== Required work ==
Your answer should be the lines below from the one holding "using lsc_attains_min[OF _" through the one holding "using dist_triangle[of y", copied exactly and with nothing else.

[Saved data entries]
(* For every $i\in[d]$, all $x$ with $\|x\|_2\le1$ and every time step $t\ge1$, with probability at least $1-\frac1{c_1}-\exp\!\left(-\frac{32(c_4-1)^2\eta^2m^2\bar\Lambda^2t^2}{\pi}\right)$ over the random initialization, for constants $c_1>10$ and $c_4\ge1$, $$\big|\phi(N(x_{1:i};\theta^{(t)}_i))-\phi(P(x_{1:i};\theta^{(t)}_i))\big|\le\big|N(x_{1:i};\theta^{(t)}_i)-P(x_{1:i};\theta^{(t)}_i)\big|\le\frac{192\eta^2m^{1.5}\bar\Lambda^2c_1c_4\epsilon_at^2\sqrt{\log m}}{\sqrt\pi},$$ where $\bar\Lambda=6c_1\epsilon_a\sqrt{2\log m}$.
   Context: UNF setting. Fix $d\ge1$, $m\ge2$, $\epsilon_a>0$, $Q\ge1$, learning rate $\eta>0$. For $\|x_{1:i}\|_2\le1$, $\hat x_{1:i}=(x_1,\dots,x_i,\sqrt{1-\|x_{1:i}\|_2^2})$. $\sigma(u)=\max\{u,0\}$, $\sigma'(u)=\mathbf 1\{u\ge0\}$; $\phi(u)=e^u$ ($u<0$), $u+1$ ($u\ge0$). Frozen random initial parameters $a_{i,r}\sim\mathcal N(0,\epsilon_a^2)$, $\bar w_{i,r}\sim\mathcal N(0,\frac1mI_{i+1})$, $\bar b_{i,r}\sim\mathcal N(0,\frac1m)$, independent. Offsets $\theta_i=(w_{i,r},b_{i,r})_r$. Network $N(x_{1:i};\theta_i)=\sum_ra_{i,r}\sigma(\langle\bar w_{i,r}+w_{i,r},\hat x_{1:i}\rangle+\bar b_{i,r}+b_{i,r})$; pseudo-network $P(x_{1:i};\theta_i)=\sum_ra_{i,r}\sigma'(\langle\bar w_{i,r},\hat x_{1:i}\rangle+\bar b_{i,r})(\langle\bar w_{i,r}+w_{i,r},\hat x_{1:i}\rangle+\bar b_{i,r}+b_{i,r})$. Approximate loss $\tilde L(\nabla f,x)=\sum_i\big(\sum_{j=1}^Q\Delta_{x_i}\phi(N(q^{(j)}_i;\theta_i))-\log\phi(N(x_{1:i};\theta_i))\big)$ with $\Delta_{x_i}=(x_i+1)/Q$, $q^{(j)}_i=(x_1,\dots,x_{i-1},-1+j\Delta_{x_i})$. $\theta^{(t)}$ are SGD iterates: $\theta^{(0)}=0$, $\theta^{(t+1)}=\theta^{(t)}-\eta\nabla_\theta\tilde L(\nabla f^{(t)},x^{(t)})$, $x^{(t)}$ uniform from a training set in the unit ball. *)

theory Defs
  imports "HOL-Probability.Probability"
begin

definition relu :: "real \<Rightarrow> real" where "relu u = max u 0"
definition relu' :: "real \<Rightarrow> real" where "relu' u = (if u \<ge> 0 then 1 else 0)"
definition phi :: "real \<Rightarrow> real" where "phi u = (if u < 0 then exp u else u + 1)"
text \<open>Derivative of phi (it is differentiable everywhere, derivative 1 at 0).\<close>
definition phi' :: "real \<Rightarrow> real" where "phi' u = (if u < 0 then exp u else 1)"

text \<open>Indices of the frozen random initial parameters (1-based: i in 1..d, r in 1..m,
  k in 1..i+1).\<close>
datatype pid = A nat nat | Wb nat nat nat | Bb nat nat

definition init_index :: "nat \<Rightarrow> nat \<Rightarrow> pid set" where
  "init_index d m =
     {A i r | i r. i \<in> {1..d} \<and> r \<in> {1..m}}
   \<union> {Wb i r k | i r k. i \<in> {1..d} \<and> r \<in> {1..m} \<and> k \<in> {1..i+1}}
   \<union> {Bb i r | i r. i \<in> {1..d} \<and> r \<in> {1..m}}"

text \<open>Standard deviation of each initial parameter: a ~ N(0, eps_a^2),
  wbar ~ N(0, I/m), bbar ~ N(0, 1/m).\<close>
definition init_sd :: "nat \<Rightarrow> real \<Rightarrow> pid \<Rightarrow> real" where
  "init_sd m eps_a j = (case j of A i r \<Rightarrow> eps_a | _ \<Rightarrow> 1 / sqrt (real m))"

definition init_measure :: "nat \<Rightarrow> nat \<Rightarrow> real \<Rightarrow> (pid \<Rightarrow> real) measure" where
  "init_measure d m eps_a =
     PiM (init_index d m) (\<lambda>j. density lborel (normal_density 0 (init_sd m eps_a j)))"

text \<open>Inputs are vectors x :: nat => real with coordinates x 1, ..., x d.
  xhat i x is the (i+1)-vector (x_1,...,x_i, sqrt(1 - ||x_{1:i}||^2)).\<close>
definition xhat :: "nat \<Rightarrow> (nat \<Rightarrow> real) \<Rightarrow> nat \<Rightarrow> real" where
  "xhat i x k = (if k \<le> i then x k else if k = i + 1 then sqrt (1 - (\<Sum>l=1..i. (x l)\<^sup>2)) else 0)"

text \<open>Offsets theta_i: r |-> (w_{i,r}, b_{i,r}), w_{i,r} indexed by 1..i+1.\<close>
type_synonym offsets = "nat \<Rightarrow> (nat \<Rightarrow> real) \<times> real"

definition preact :: "(pid \<Rightarrow> real) \<Rightarrow> nat \<Rightarrow> offsets \<Rightarrow> nat \<Rightarrow> (nat \<Rightarrow> real) \<Rightarrow> real" where
  "preact \<omega> i th r x =
     (\<Sum>k=1..i+1. (\<omega> (Wb i r k) + fst (th r) k) * xhat i x k) + \<omega> (Bb i r) + snd (th r)"

definition preact0 :: "(pid \<Rightarrow> real) \<Rightarrow> nat \<Rightarrow> nat \<Rightarrow> (nat \<Rightarrow> real) \<Rightarrow> real" where
  "preact0 \<omega> i r x = (\<Sum>k=1..i+1. \<omega> (Wb i r k) * xhat i x k) + \<omega> (Bb i r)"

definition netN :: "nat \<Rightarrow> (pid \<Rightarrow> real) \<Rightarrow> nat \<Rightarrow> offsets \<Rightarrow> (nat \<Rightarrow> real) \<Rightarrow> real" where
  "netN m \<omega> i th x = (\<Sum>r=1..m. \<omega> (A i r) * relu (preact \<omega> i th r x))"

definition netP :: "nat \<Rightarrow> (pid \<Rightarrow> real) \<Rightarrow> nat \<Rightarrow> offsets \<Rightarrow> (nat \<Rightarrow> real) \<Rightarrow> real" where
  "netP m \<omega> i th x = (\<Sum>r=1..m. \<omega> (A i r) * relu' (preact0 \<omega> i r x) * preact \<omega> i th r x)"

text \<open>Quadrature points q_i^{(j)} = (x_1,...,x_{i-1}, -1 + j * Delta_{x_i}), Delta = (x_i+1)/Q.\<close>
definition qpt :: "nat \<Rightarrow> nat \<Rightarrow> (nat \<Rightarrow> real) \<Rightarrow> nat \<Rightarrow> nat \<Rightarrow> real" where
  "qpt Q i x j = x(i := -1 + real j * ((x i + 1) / real Q))"

text \<open>Gradient of the approximate loss tilde L with respect to (w_{i,r}, b_{i,r}),
  with the convention sigma'(u) = 1{u >= 0} for the ReLU derivative.
  Only the i-th summand of tilde L depends on theta_i.\<close>
definition grad_w :: "nat \<Rightarrow> nat \<Rightarrow> (pid \<Rightarrow> real) \<Rightarrow> nat \<Rightarrow> offsets \<Rightarrow> (nat \<Rightarrow> real) \<Rightarrow> nat \<Rightarrow> nat \<Rightarrow> real" where
  "grad_w m Q \<omega> i th x r k =
     (\<Sum>j=1..Q. ((x i + 1) / real Q) * phi' (netN m \<omega> i th (qpt Q i x j))
                 * \<omega> (A i r) * relu' (preact \<omega> i th r (qpt Q i x j)) * xhat i (qpt Q i x j) k)
     - (phi' (netN m \<omega> i th x) / phi (netN m \<omega> i th x))
                 * \<omega> (A i r) * relu' (preact \<omega> i th r x) * xhat i x k"

definition grad_b :: "nat \<Rightarrow> nat \<Rightarrow> (pid \<Rightarrow> real) \<Rightarrow> nat \<Rightarrow> offsets \<Rightarrow> (nat \<Rightarrow> real) \<Rightarrow> nat \<Rightarrow> real" where
  "grad_b m Q \<omega> i th x r =
     (\<Sum>j=1..Q. ((x i + 1) / real Q) * phi' (netN m \<omega> i th (qpt Q i x j))
                 * \<omega> (A i r) * relu' (preact \<omega> i th r (qpt Q i x j)))
     - (phi' (netN m \<omega> i th x) / phi (netN m \<omega> i th x))
                 * \<omega> (A i r) * relu' (preact \<omega> i th r x)"

primrec sgd :: "nat \<Rightarrow> nat \<Rightarrow> real \<Rightarrow> (pid \<Rightarrow> real) \<Rightarrow> nat \<Rightarrow> (nat \<Rightarrow> nat \<Rightarrow> real) \<Rightarrow> nat \<Rightarrow> offsets" where
  "sgd m Q \<eta> \<omega> i xs 0 = (\<lambda>r. (\<lambda>k. 0, 0))"
| "sgd m Q \<eta> \<omega> i xs (Suc t) =
     (\<lambda>r. (\<lambda>k. fst (sgd m Q \<eta> \<omega> i xs t r) k - \<eta> * grad_w m Q \<omega> i (sgd m Q \<eta> \<omega> i xs t) (xs t) r k,
           snd (sgd m Q \<eta> \<omega> i xs t r) - \<eta> * grad_b m Q \<omega> i (sgd m Q \<eta> \<omega> i xs t) (xs t) r))"
lemma normal_form_eval_word:
  assumes basis: "free_basis G S" and w: "symbols w \<subseteq> S"
  shows "normal_form S (eval_word G w) = free_reduce w"
  unfolding normal_form_def
proof (rule the_equality)
  have S: "S \<subseteq> carrier G" using basis by (rule free_basis_carrier)
  show red: "symbols (free_reduce w) \<subseteq> S \<and> successively no_cancel (free_reduce w)
      \<and> eval_word G (free_reduce w) = eval_word G w"
    using w S symbols_free_reduce[of w] successively_free_reduce[of w] eval_free_reduce_id[of w]
    by auto
  fix u
  assume "symbols u \<subseteq> S \<and> successively no_cancel u \<and> eval_word G u = eval_word G w"
  then show "u = free_reduce w"
    using red by (intro free_basis_reduced_word_unique[OF basis]) auto
qed

context
  fixes S and H :: "('c, 'd) monoid_scheme" and f :: "'a \<Rightarrow> 'c"
  assumes basis: "free_basis G S" and H: "group H" and f: "f ` S \<subseteq> carrier H"
begin

lemma free_lift_eval_word:
  "symbols w \<subseteq> S \<Longrightarrow> free_lift S H f (eval_word G w) = eval_word H (map (apsnd f) w)"
  unfolding free_lift_def normal_form_eval_word[OF basis]
  by (rule group.eval_free_reduce[OF H]) (use f in auto)

lemma free_lift_basis:
  assumes "s \<in> S"
  shows "free_lift S H f s = f s"
proof -
  have "s \<in> carrier G" "f s \<in> carrier H" using assms free_basis_carrier[OF basis] f by auto
  then show ?thesis
    using free_lift_eval_word[of "[(True, s)]"] assms by (simp add: monoid.r_one[OF group.is_monoid[OF H]])
qed

lemma free_lift_one: "free_lift S H f \<one> = \<one>\<^bsub>H\<^esub>"
  using free_lift_eval_word[of "[]"] by simp

lemma free_lift_closed:
  assumes "x \<in> generate G S"
  shows "free_lift S H f x \<in> carrier H"
proof -
  obtain u where u: "symbols u \<subseteq> S" "eval_word G u = x"
    using generate_reduced_word[OF free_basis_carrier[OF basis] assms] by blast
  have "eval_word H (map (apsnd f) u) \<in> carrier H"
    using u f by (intro group.eval_word_closed[OF H]) auto
  then show ?thesis using u(1) by (simp add: free_lift_eval_word flip: u(2))
qed
lemma C2_with_radial:
  fixes y :: "real^'n"
  assumes G: "\<And>s. s \<ge> 0 \<Longrightarrow> (G has_real_derivative G' s) (at s)"
    and G': "\<And>s. s \<ge> 0 \<Longrightarrow> (G' has_real_derivative G'' s) (at s)"
    and G'': "continuous_on {0..} G''"
  shows "C2_with (\<lambda>x. G ((x - y) \<bullet> (x - y))) (radial_grad G' y) (radial_hess G' G'' y)"
  unfolding C2_with_def radial_grad_def radial_hess_def
proof (intro conjI allI)
  fix x :: "real^'n"
  let ?q = "(x - y) \<bullet> (x - y)"
  have q0: "0 \<le> ?q" by simp
  have dq: "((\<lambda>x. (x - y) \<bullet> (x - y)) has_derivative (\<lambda>h. 2 * ((x - y) \<bullet> h))) (at x)"
    by (auto intro!: derivative_eq_intros simp: inner_commute)
  have dG: "(G has_derivative (\<lambda>h. h * G' ?q)) (at ?q)"
    using G[OF q0] by (simp add: has_field_derivative_def mult.commute[of _ "G' _"])
  have "((\<lambda>x. G ((x - y) \<bullet> (x - y))) has_derivative (\<lambda>h. (2 * ((x - y) \<bullet> h)) * G' ?q)) (at x)"
    using has_derivative_compose[OF dq dG] by simp
  then show "((\<lambda>x. G ((x - y) \<bullet> (x - y))) has_derivative (\<lambda>h. (2 * G' ?q) *\<^sub>R (x - y) \<bullet> h)) (at x)"
    by (simp add: algebra_simps)
  have dG': "(G' has_derivative (\<lambda>h. h * G'' ?q)) (at ?q)"
    using G'[OF q0] by (simp add: has_field_derivative_def mult.commute[of _ "G'' _"])
  have dG'_compose: "((\<lambda>x. G' ((x - y) \<bullet> (x - y))) has_derivative (\<lambda>h. (2 * ((x - y) \<bullet> h)) * G'' ?q)) (at x)"
    using has_derivative_compose[OF dq dG'] by simp
  have "((\<lambda>x. (2 * G' ((x - y) \<bullet> (x - y))) *\<^sub>R (x - y)) has_derivative
     (\<lambda>h. (2 * G' ?q) *\<^sub>R h + (2 * ((2 * ((x - y) \<bullet> h)) * G'' ?q)) *\<^sub>R (x - y))) (at x)"
    by (rule derivative_eq_intros dG'_compose | simp)+
  moreover have "(\<lambda>h. ((2 * G' ?q) *\<^sub>R mat 1 + (4 * G'' ?q) *\<^sub>R outer (x - y) (x - y)) *v h)
     = (\<lambda>h. (2 * G' ?q) *\<^sub>R h + (2 * ((2 * ((x - y) \<bullet> h)) * G'' ?q)) *\<^sub>R (x - y))"
    by (rule ext) (simp only: matrix_vector_mult_add_rdistrib outer_mult_vec
        scaleR_matrix_vector_assoc[symmetric] matrix_vector_mul_lid scaleR_scaleR, simp add: algebra_simps)
  ultimately show "((\<lambda>x. (2 * G' ((x - y) \<bullet> (x - y))) *\<^sub>R (x - y)) has_derivative
     (\<lambda>h. ((2 * G' ?q) *\<^sub>R mat 1 + (4 * G'' ?q) *\<^sub>R outer (x - y) (x - y)) *v h)) (at x)"
    by simp
next
  have cq: "continuous_on UNIV (\<lambda>x::real^'n. (x - y) \<bullet> (x - y))" by (intro continuous_intros)
  have cG': "continuous_on {0..} G'"
    using G' by (intro continuous_at_imp_continuous_on ballI DERIV_isCont) auto
  have "continuous_on UNIV (\<lambda>x::real^'n. G' ((x - y) \<bullet> (x - y)))"
    by (rule continuous_on_compose2[OF cG' cq]) auto
  moreover have "continuous_on UNIV (\<lambda>x::real^'n. G'' ((x - y) \<bullet> (x - y)))"
    by (rule continuous_on_compose2[OF G'' cq]) auto
  moreover have "continuous_on UNIV (\<lambda>x::real^'n. outer (x - y) (x - y))"
    unfolding outer_def by (intro continuous_intros)
  ultimately show "continuous_on UNIV (\<lambda>x. (2 * G' ((x - y) \<bullet> (x - y))) *\<^sub>R mat 1
      + (4 * G'' ((x - y) \<bullet> (x - y))) *\<^sub>R outer (x - y) (x - y))"
    by (intro continuous_intros) auto
qed

lemma C2_with_gaussian:
  fixes y :: "real^'n"
  shows "C2_with (\<lambda>w. a + \<delta> * exp (- al * ((w - y) \<bullet> (w - y))))
     (radial_grad (\<lambda>s. - (al * \<delta> * exp (- al * s))) y)
     (radial_hess (\<lambda>s. - (al * \<delta> * exp (- al * s))) (\<lambda>s. al * (al * \<delta> * exp (- al * s))) y)"
proof (rule C2_with_radial[where G = "\<lambda>s. a + \<delta> * exp (- al * s)"])
  show "((\<lambda>s. a + \<delta> * exp (- al * s)) has_real_derivative - (al * \<delta> * exp (- al * s))) (at s)" for s
    by (auto intro!: derivative_eq_intros)
  show "((\<lambda>s. - (al * \<delta> * exp (- al * s))) has_real_derivative al * (al * \<delta> * exp (- al * s))) (at s)"
    for s
    by (auto intro!: derivative_eq_intros)
qed (intro continuous_intros)

lemma visc_supersolution_lsc: "visc_supersolution F v \<Longrightarrow> lsc v"
  unfolding visc_supersolution_def by simp

lemma visc_supersolutionD:
  assumes "visc_supersolution F v" "C2_with phi Dphi Hphi" "0 < r"
    and "\<And>y. dist y x < r \<Longrightarrow> v x - phi x \<le> v y - phi y"
  shows "0 \<le> F x (v x) (Dphi x) (Hphi x)"
  using assms unfolding visc_supersolution_def by blast

lemma visc_supersolution_above_annulus:
  assumes super: "visc_supersolution F v" and C2: "C2_with phi Dphi Hphi"
    and outside: "\<And>w. norm (w - y) \<le> r \<or> R \<le> norm (w - y) \<Longrightarrow> phi w \<le> v w"
    and strict: "\<And>w. r < norm (w - y) \<Longrightarrow> norm (w - y) < R \<Longrightarrow> v w < phi w \<Longrightarrow>
                   F w (v w) (Dphi w) (Hphi w) < 0"
  shows "phi w \<le> v w"
proof (rule ccontr)
  have inside: "r < norm (u - y) \<and> norm (u - y) < R" if "v u < phi u" for u
  proof (rule ccontr)
    assume "\<not> (r < norm (u - y) \<and> norm (u - y) < R)"
    then have "phi u \<le> v u" by (intro outside) auto
    with that show False by linarith
  qed
  assume "\<not> phi w \<le> v w"
  then have "w \<in> cball y R"
    using inside[of w] by (simp add: dist_norm norm_minus_commute)
  moreover have "lsc (\<lambda>x. v x - phi x)"
    using lsc_diff_continuous visc_supersolution_lsc[OF super] C2_with_imp_continuous[OF C2] by blast
  ultimately obtain z where z: "z \<in> cball y R" "\<And>x. x \<in> cball y R \<Longrightarrow> v z - phi z \<le> v x - phi x"
    using lsc_attains_min[OF _ compact_cball, of _ y R] by blast
  have "v z < phi z" using z(2)[OF \<open>w \<in> cball y R\<close>] \<open>\<not> phi w \<le> v w\<close> by linarith
  then have zr: "r < norm (z - y)" "norm (z - y) < R" using inside by blast+
  have "0 \<le> F z (v z) (Dphi z) (Hphi z)"
  proof (rule visc_supersolutionD[OF super C2])
    show "0 < R - norm (z - y)" using zr by simp
    fix x assume "dist x z < R - norm (z - y)"
    then have "x \<in> cball y R"
      using dist_triangle[of y x z] by (simp add: dist_norm norm_minus_commute)
    then show "v z - phi z \<le> v x - phi x" by (rule z(2))
  qed
  then show False using strict[OF zr \<open>v z < phi z\<close>] by linarith
qed
lemma exists_conditional_gap_le_one_on_event:
  fixes Y :: "'i \<Rightarrow> 'a \<Rightarrow> bool"
  assumes B: "0 < measure M B"
    and J: "finite J" "J \<noteq> {}"
    and Y: "\<And>l. l \<in> J \<Longrightarrow> Y l \<in> M \<rightarrow>\<^sub>M count_space UNIV"
  shows "\<exists>i\<in>J. (\<exists>c. AE \<omega> in M. \<omega> \<in> B \<longrightarrow> Y i \<omega> = c)
    \<or> (measure M (B \<inter> {\<omega>. Y i \<omega> = False}) > 0
      \<and> measure M (B \<inter> {\<omega>. Y i \<omega> = True}) > 0
      \<and> (\<Sum>l\<in>J - {i}. cond_exp_event M (B \<inter> {\<omega>. Y i \<omega> = False}) (\<lambda>\<omega>. of_bool (Y l \<omega>))
                    - cond_exp_event M (B \<inter> {\<omega>. Y i \<omega> = True}) (\<lambda>\<omega>. of_bool (Y l \<omega>))) \<le> 1)"
proof -
  define N where "N = uniform_measure M B"
  interpret N: prob_space N
    unfolding N_def using B by (rule prob_space_uniform_measure_of_measure_pos)
  have "\<And>l. l \<in> J \<Longrightarrow> Y l \<in> N \<rightarrow>\<^sub>M count_space UNIV"
    using Y by (simp add: N_def)
  from N.exists_conditional_gap_le_one[OF J this] obtain i where i: "i \<in> J"
    and gap: "(\<exists>c. N.prob {\<omega>\<in>space N. Y i \<omega> = c} = 0)
      \<or> (\<Sum>l\<in>J - {i}. cond_exp_event N {\<omega>\<in>space N. Y i \<omega> = False} (\<lambda>\<omega>. of_bool (Y l \<omega>))
                    - cond_exp_event N {\<omega>\<in>space N. Y i \<omega> = True} (\<lambda>\<omega>. of_bool (Y l \<omega>))) \<le> 1" ..
  have [measurable]: "Measurable.pred M (Y l)" if "l \<in> J" for l
    using Y[OF that] by (simp add: pred_def)
  note [measurable] = this[OF i]
  show ?thesis
  proof (cases "\<exists>c. N.prob {\<omega>\<in>space N. Y i \<omega> = c} = 0")
    case True
    then obtain c where c: "measure (uniform_measure M B) {\<omega>\<in>space M. Y i \<omega> = c} = 0"
      unfolding N_def space_uniform_measure by blast
    have "AE \<omega> in M. \<omega> \<in> B \<longrightarrow> \<not> Y i \<omega> = c"
      by (rule AE_uniform_measure_Collect_eq_0[OF B _ c]) measurable
    then have "AE \<omega> in M. \<omega> \<in> B \<longrightarrow> Y i \<omega> = (\<not> c)"
      by (rule eventually_mono) auto
    then show ?thesis
      by (intro bexI[OF _ i] disjI1 exI)
  next
    case False
    have "N.prob {\<omega>\<in>space N. Y i \<omega> = c} = measure M (B \<inter> {\<omega>. Y i \<omega> = c}) / measure M B" for c
      unfolding N_def space_uniform_measure by (rule measure_uniform_measure_Collect[OF B]) measurable
    with False have pos: "0 < measure M (B \<inter> {\<omega>. Y i \<omega> = c})" for c
      using measure_nonneg[of M "B \<inter> {\<omega>. Y i \<omega> = c}"] by (auto simp: less_le)
    have "cond_exp_event N {\<omega>\<in>space N. Y i \<omega> = c} (\<lambda>\<omega>. of_bool (Y l \<omega>))
        = cond_exp_event M (B \<inter> {\<omega>. Y i \<omega> = c}) (\<lambda>\<omega>. of_bool (Y l \<omega>))" if "l \<in> J" for c l
      unfolding N_def space_uniform_measure using that by (intro cond_exp_event_uniform_measure_Collect[OF B]) measurable
    then have "(\<Sum>l\<in>J - {i}. cond_exp_event N {\<omega>\<in>space N. Y i \<omega> = False} (\<lambda>\<omega>. of_bool (Y l \<omega>))
                    - cond_exp_event N {\<omega>\<in>space N. Y i \<omega> = True} (\<lambda>\<omega>. of_bool (Y l \<omega>)))
        = (\<Sum>l\<in>J - {i}. cond_exp_event M (B \<inter> {\<omega>. Y i \<omega> = False}) (\<lambda>\<omega>. of_bool (Y l \<omega>))
                    - cond_exp_event M (B \<inter> {\<omega>. Y i \<omega> = True}) (\<lambda>\<omega>. of_bool (Y l \<omega>)))"
      by (intro sum.cong refl) (simp only: Diff_iff)
    with gap False have "(\<Sum>l\<in>J - {i}. cond_exp_event M (B \<inter> {\<omega>. Y i \<omega> = False}) (\<lambda>\<omega>. of_bool (Y l \<omega>))
                    - cond_exp_event M (B \<inter> {\<omega>. Y i \<omega> = True}) (\<lambda>\<omega>. of_bool (Y l \<omega>))) \<le> 1"
      by simp
    with pos[of False] pos[of True] show ?thesis
      by (intro bexI[OF _ i] disjI2 conjI)
  qed
qed

theorem mainTheorem2:
  fixes M :: "'a measure" and X :: "nat \<Rightarrow> 'a \<Rightarrow> bool" and n :: nat
    and K :: "nat set" and a :: "nat \<Rightarrow> bool"
  assumes "prob_space M"
    and "\<And>i. i \<in> {1..n} \<Longrightarrow> X i \<in> M \<rightarrow>\<^sub>M count_space UNIV"
    and "K \<subset> {1..n}"
    and "measure M (assign_event M X K a) > 0"
  shows "\<exists>i \<in> {1..n} - K.
     (\<exists>c. AE \<omega> in M. \<omega> \<in> assign_event M X K a \<longrightarrow> X i \<omega> = c)
   \<or> (measure M (assign_event M X K a \<inter> {\<omega>. X i \<omega> = False}) > 0
      \<and> measure M (assign_event M X K a \<inter> {\<omega>. X i \<omega> = True}) > 0
      \<and> (\<Sum>l \<in> {1..n} - (K \<union> {i}).
           cond_exp_event M (assign_event M X K a \<inter> {\<omega>. X i \<omega> = False}) (\<lambda>\<omega>. of_bool (X l \<omega>))
         - cond_exp_event M (assign_event M X K a \<inter> {\<omega>. X i \<omega> = True}) (\<lambda>\<omega>. of_bool (X l \<omega>))) \<le> 1)"
proof -
  have "\<And>i. {1..n} - (K \<union> {i}) = {1..n} - K - {i}"
    by blast
  then show ?thesis
    using assms(2-4) by (simp only:) (rule exists_conditional_gap_le_one_on_event; auto)
qed

end
lemma stabilizer_preserves_complement:
  assumes "s \<in> stabilizer F" and "x \<notin> F"
  shows "s x \<notin> F"
proof
  assume "s x \<in> F"
  then have "s (s x) = s x"
    using assms(1) by (simp add: stabilizer_def)
  then have "s x = x"
    using assms(1) by (simp add: stabilizer_def Sinf_def bij_is_inj inj_eq)
  with \<open>s x \<in> F\<close> assms(2) show False
    by simp
qed

lemma transpose_in_stabilizer:
  "0 \<in> F \<Longrightarrow> a \<notin> F \<Longrightarrow> b \<notin> F \<Longrightarrow> Transposition.transpose a b \<in> stabilizer F"
  unfolding stabilizer_def Sinf_def by (auto simp: Transposition.transpose_def) (metis neq0_conv)

lemma transpose_in_Sinf: "a \<noteq> 0 \<Longrightarrow> b \<noteq> 0 \<Longrightarrow> Transposition.transpose a b \<in> Sinf"
  using transpose_in_stabilizer[of "{0}" a b] stabilizer_subset_Sinf by auto

lemma stabilizer_apply_cases:
  assumes "f \<in> stabilizer F" and "s \<in> stabilizer F"
  shows "f x = s x \<or> f x \<notin> F \<and> s x \<notin> F"
proof (cases "x \<in> F")
  case True
  with assms show ?thesis
    by (simp add: stabilizer_def)
qed (simp add: assms stabilizer_preserves_complement)

lemma Sfix_eq_stabilizer: "Sfix n = stabilizer {0..n}"
  unfolding Sfix_def stabilizer_def Sinf_def
  by (auto, metis atLeastAtMost_iff not_gr0 Suc_leI)

lemma sigma_in_stabilizer: "sigma n m \<in> stabilizer {0..n}"
  using bij_sigma by (auto simp: stabilizer_def Sinf_def sigma_apply)

lemma sigma_in_Sinf: "sigma n m \<in> Sinf"
  using sigma_in_stabilizer stabilizer_subset_Sinf by blast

== Result for this exercise ==
    using lsc_attains_min[OF _ compact_cball, of _ y R] by blast
  have "v z < phi z" using z(2)[OF \<open>w \<in> cball y R\<close>] \<open>\<not> phi w \<le> v w\<close> by linarith
  then have zr: "r < norm (z - y)" "norm (z - y) < R" using inside by blast+
  have "0 \<le> F z (v z) (Dphi z) (Hphi z)"
  proof (rule visc_supersolutionD[OF super C2])
    show "0 < R - norm (z - y)" using zr by simp
    fix x assume "dist x z < R - norm (z - y)"
    then have "x \<in> cball y R"
      using dist_triangle[of y x z] by (simp add: dist_norm norm_minus_commute)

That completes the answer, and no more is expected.